● About this task
The entries below contain a line with "proof (rule sum.mono_neutral_right)" and a line with "hd (Q t) = hd P \<and> last". Retype exactly everything from the first down to the second, both included, and nothing else.

● Source records
lemma perturbs_edge_Cons:
  assumes "perturbs_edge l m w R R'" "R \<noteq> []" "hd R' = hd R"
  shows "perturbs_edge l (Suc m) w (x # R) (x # R')"
proof -
  obtain c where len: "length R' = length R" and edge_m: "edge R' m = edge R m + w"
    and scaled: "\<And>k. Suc k < length R \<Longrightarrow> k \<noteq> m \<Longrightarrow>
      0 < c k \<and> edge R' k = c k *\<^sub>R edge R k \<and> (c k < 1 \<longrightarrow> norm (edge R k) < l)"
    using assms(1) unfolding perturbs_edge_def by blast
  have "edge (x # R') 0 = edge (x # R) 0"
    using assms(2,3) len by (cases R; cases R') (auto simp: edge_def)
  then show ?thesis
    unfolding perturbs_edge_def using len edge_m scaled
    by (intro conjI exI[of _ "case_nat 1 c"]) (auto split: nat.split)
qed

lemma perturbs_edge_append:
  assumes "perturbs_edge l m w R R'" "Suc m < length R" "last R' = last R"
  shows "perturbs_edge l m w (R @ [y]) (R' @ [y])"
proof -
  obtain c where len: "length R' = length R" and edge_m: "edge R' m = edge R m + w"
    and scaled: "\<And>k. Suc k < length R \<Longrightarrow> k \<noteq> m \<Longrightarrow>
      0 < c k \<and> edge R' k = c k *\<^sub>R edge R k \<and> (c k < 1 \<longrightarrow> norm (edge R k) < l)"
    using assms(1) unfolding perturbs_edge_def by blast
  have last_edge: "edge (R' @ [y]) k = edge (R @ [y]) k" if "Suc k = length R" for k
  proof -
    have "R \<noteq> []" "R' \<noteq> []" "k = length R - 1"
      using that len by auto
    then show ?thesis
      using assms(3) len that by (simp add: edge_def nth_append last_conv_nth)
  qed
  show ?thesis
    unfolding perturbs_edge_def using len edge_m scaled assms(2)
    by (intro conjI exI[of _ "c(length R - 1 := 1)"])
      (auto simp: edge_append_singleton last_edge less_Suc_eq)
qed

section \<open>Neighbours of inflection edges in Dubins paths\<close>

lemma shortcut_along_short_edge:
  assumes len: "length Q = length P" and mj: "Suc m < length P" "Suc j < length P" "j \<noteq> m"
    and short: "norm (edge P j) < l" and t: "0 < t" "t < 1"
    and cross: "cross2 (edge P m) (edge P j) \<noteq> 0"
    and edge_m: "edge Q m = edge P m + t *\<^sub>R edge P j"
    and edge_j: "edge Q j = (1 - t) *\<^sub>R edge P j"
    and edge_other: "\<And>k. Suc k < length P \<Longrightarrow> k \<noteq> m \<Longrightarrow> k \<noteq> j \<Longrightarrow> edge Q k = edge P k"
  shows "perturbs_edge l m (t *\<^sub>R edge P j) P Q" and "path_length Q < path_length P"
proof -
  show "perturbs_edge l m (t *\<^sub>R edge P j) P Q"
    unfolding perturbs_edge_def using len edge_m edge_j edge_other short t
    by (intro conjI exI[of _ "\<lambda>k. if k = j then 1 - t else 1"]) auto
  have "norm (edge Q m) < norm (edge P m) + t * norm (edge P j)"
    using norm_add_less_if_cross2_nonzero[of "edge P m" "t *\<^sub>R edge P j"] cross t edge_m
    by (simp add: cross2_scaleR_right)
  moreover have "norm (edge Q j) = norm (edge P j) - t * norm (edge P j)"
    using edge_j t by (simp add: left_diff_distrib)
  ultimately have "(\<Sum>k\<in>{m, j}. norm (edge Q k) - norm (edge P k)) < 0"
    using mj by simp
  moreover have "(\<Sum>k<length P - 1. norm (edge Q k) - norm (edge P k)) =
      (\<Sum>k\<in>{m, j}. norm (edge Q k) - norm (edge P k))"
  proof (rule sum.mono_neutral_right)
    show "\<forall>k\<in>{..<length P - 1} - {m, j}. norm (edge Q k) - norm (edge P k) = 0"
    proof
      fix k
      assume "k \<in> {..<length P - 1} - {m, j}"
      then show "norm (edge Q k) - norm (edge P k) = 0"
        using edge_other[of k] by auto
    qed
  qed (use mj in auto)
  ultimately show "path_length Q < path_length P"
    unfolding path_length_edges len by (simp add: sum_subtractf)
qed

text \<open>Such shortcuts stay curvature-constrained for small \<open>t\<close>, also with the pre- and post-edge
  attached, which contradicts minimality.\<close>
lemma dubins_no_perturbed_shortcut:
  assumes dubins: "dubins \<theta> l u U v V P" and theta: "\<theta> \<le> pi / 2"
    and m: "1 \<le> m" "m + 2 < length P"
    and inflection: "same_side (edge P m) (edge P (m - 1)) (edge P (Suc m))"
    and side: "same_side (edge P m) (edge P (m - 1)) z" and inner: "0 \<le> inner (edge P m) z"
    and shortcut: "\<And>t. 0 < t \<Longrightarrow> t < 1 \<Longrightarrow> perturbs_edge l m (t *\<^sub>R z) P (Q t) \<and>
      hd (Q t) = hd P \<and> last (Q t) = last P \<and> path_length (Q t) < path_length P"
  shows False
proof -
  have dcc: "dcc \<theta> l P" and dcc_pre: "dcc \<theta> l ((u - U) # P)" and dcc_post: "dcc \<theta> l (P @ [v + V])"
    and P: "P \<noteq> []" "hd P = u" "last P = v"
    and minimal: "\<And>Q. dcc \<theta> l Q \<Longrightarrow> starts_at \<theta> l Q u U \<Longrightarrow> ends_at \<theta> l Q v V \<Longrightarrow>
      path_length P \<le> path_length Q"
    using dubins unfolding dubins_def starts_at_def ends_at_def by auto
  obtain p where p: "m = Suc p"
    using m by (cases m) auto
  have edge_post: "edge (P @ [v + V]) k = edge P k" if "k \<le> Suc m" for k
    using that m by (intro edge_append_singleton) simp
  have "\<forall>\<^sub>F t in at_right 0. (\<forall>R'. perturbs_edge l m (t *\<^sub>R z) P R' \<longrightarrow> dcc \<theta> l R') \<and>
      (\<forall>R'. perturbs_edge l (Suc m) (t *\<^sub>R z) ((u - U) # P) R' \<longrightarrow> dcc \<theta> l R') \<and>
      (\<forall>R'. perturbs_edge l m (t *\<^sub>R z) (P @ [v + V]) R' \<longrightarrow> dcc \<theta> l R') \<and> 0 < t \<and> t < 1"
  proof (intro eventually_conj eventually_perturbs_edge_dcc dcc dcc_pre dcc_post)
    show "\<forall>\<^sub>F t in at_right 0. 0 < (t::real)"
      by (rule eventually_at_right_less)
    show "\<forall>\<^sub>F t in at_right 0. t < (1::real)"
      unfolding eventually_at_right_field by (auto intro!: exI[of _ 1])
  qed (use assms p in \<open>simp_all add: edge_post\<close>)
  then obtain t where dcc_Q: "\<And>R'. perturbs_edge l m (t *\<^sub>R z) P R' \<Longrightarrow> dcc \<theta> l R'"
    and dcc_pre_Q: "\<And>R'. perturbs_edge l (Suc m) (t *\<^sub>R z) ((u - U) # P) R' \<Longrightarrow> dcc \<theta> l R'"
    and dcc_post_Q: "\<And>R'. perturbs_edge l m (t *\<^sub>R z) (P @ [v + V]) R' \<Longrightarrow> dcc \<theta> l R'"
    and t: "0 < t" "t < 1"
    using eventually_happens'[OF trivial_limit_at_right_real] by blast
  have Q: "perturbs_edge l m (t *\<^sub>R z) P (Q t)" "hd (Q t) = hd P" "last (Q t) = last P"
    "path_length (Q t) < path_length P"
    using shortcut[OF t] by auto
  have "Q t \<noteq> []"
    using Q(1) P(1) unfolding perturbs_edge_def by auto
  have "path_length P \<le> path_length (Q t)"
  proof (rule minimal)
    show "dcc \<theta> l (Q t)"
      using Q(1) by (rule dcc_Q)
    show "starts_at \<theta> l (Q t) u U"
      unfolding starts_at_def using \<open>Q t \<noteq> []\<close> Q P
      by (auto intro!: dcc_pre_Q perturbs_edge_Cons)
    show "ends_at \<theta> l (Q t) v V"
      unfolding ends_at_def using \<open>Q t \<noteq> []\<close> Q P m
      by (auto intro!: dcc_post_Q perturbs_edge_append)
  qed
  with Q show False
    by simp
qed

lemma dubins_inflection_neighbour_not_short:
  assumes dubins: "dubins \<theta> l u U v V P" and theta: "\<theta> \<le> pi / 2"
    and m: "1 \<le> m" "m + 2 < length P"
    and inflection: "same_side (edge P m) (edge P (m - 1)) (edge P (Suc m))"
    and j: "j = m - 1 \<or> j = Suc m"
  shows "\<not> norm (edge P j) < l"
proof
  assume short: "norm (edge P j) < l"
  have dcc: "dcc \<theta> l P"
    using dubins by (simp add: dubins_def)
  have "cross2 (edge P m) (edge P (m - 1)) \<noteq> 0"
    using inflection by (auto simp: same_side_def)
  with j inflection have side: "same_side (edge P m) (edge P (m - 1)) (edge P j)"
    by (auto simp: same_side_self)
  then have cross: "cross2 (edge P m) (edge P j) \<noteq> 0"
    by (auto simp: same_side_def)
  have inner: "0 \<le> inner (edge P m) (edge P j)"
    using j m theta dccD(3)[OF dcc, of "m - 1"] dccD(3)[OF dcc, of m]
    by (auto intro!: inner_nonneg_if_vangle_le_pi_half simp: vangle_commute[of "edge P m"])
  text \<open>Slide the vertex shared by edges \<open>m\<close> and \<open>j\<close> back along the short edge \<open>j\<close>.\<close>
  define k where "k = (if j = m - 1 then m else Suc m)"
  define d where "d = (if j = m - 1 then - edge P j else edge P j)"
  define Q where "Q t = P[k := P ! k + t *\<^sub>R d]" for t
  have k: "0 < k" "k < length P - 1" "P \<noteq> []" and jm: "j \<noteq> m" "Suc j < length P"
    using j m by (auto simp: k_def)
  have edge_update: "edge (Q t) i =
      (if i = k then edge P i - t *\<^sub>R d else if Suc i = k then edge P i + t *\<^sub>R d else edge P i)"
    if "Suc i < length P" for t i
    unfolding Q_def using that by (rule edge_list_update_add)
  have edge_Q: "edge (Q t) m = edge P m + t *\<^sub>R edge P j" "edge (Q t) j = (1 - t) *\<^sub>R edge P j"
    "\<And>i. Suc i < length P \<Longrightarrow> i \<noteq> m \<Longrightarrow> i \<noteq> j \<Longrightarrow> edge (Q t) i = edge P i" for t
    using j m edge_update by (auto simp: k_def d_def algebra_simps)
  show False
  proof (rule dubins_no_perturbed_shortcut[OF dubins theta m inflection side inner])
    fix t :: real
    assume t: "0 < t" "t < 1"
    have "length (Q t) = length P" "hd (Q t) = hd P" "last (Q t) = last P"
      using k by (auto simp: Q_def hd_conv_nth last_conv_nth nth_list_update)
    then show "perturbs_edge l m (t *\<^sub>R edge P j) P (Q t) \<and> hd (Q t) = hd P \<and>
        last (Q t) = last P \<and> path_length (Q t) < path_length P"
      using shortcut_along_short_edge[OF _ _ jm(2) jm(1) short t cross edge_Q] m by auto
  qed
qed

● Exercise output
  proof (rule sum.mono_neutral_right)
    show "\<forall>k\<in>{..<length P - 1} - {m, j}. norm (edge Q k) - norm (edge P k) = 0"
    proof
      fix k
      assume "k \<in> {..<length P - 1} - {m, j}"
      then show "norm (edge Q k) - norm (edge P k) = 0"
        using edge_other[of k] by auto
    qed
  qed (use mj in auto)
  ultimately show "path_length Q < path_length P"
    unfolding path_length_edges len by (simp add: sum_subtractf)
qed

text \<open>Such shortcuts stay curvature-constrained for small \<open>t\<close>, also with the pre- and post-edge
  attached, which contradicts minimality.\<close>
lemma dubins_no_perturbed_shortcut:
  assumes dubins: "dubins \<theta> l u U v V P" and theta: "\<theta> \<le> pi / 2"
    and m: "1 \<le> m" "m + 2 < length P"
    and inflection: "same_side (edge P m) (edge P (m - 1)) (edge P (Suc m))"
    and side: "same_side (edge P m) (edge P (m - 1)) z" and inner: "0 \<le> inner (edge P m) z"
    and shortcut: "\<And>t. 0 < t \<Longrightarrow> t < 1 \<Longrightarrow> perturbs_edge l m (t *\<^sub>R z) P (Q t) \<and>
      hd (Q t) = hd P \<and> last (Q t) = last P \<and> path_length (Q t) < path_length P"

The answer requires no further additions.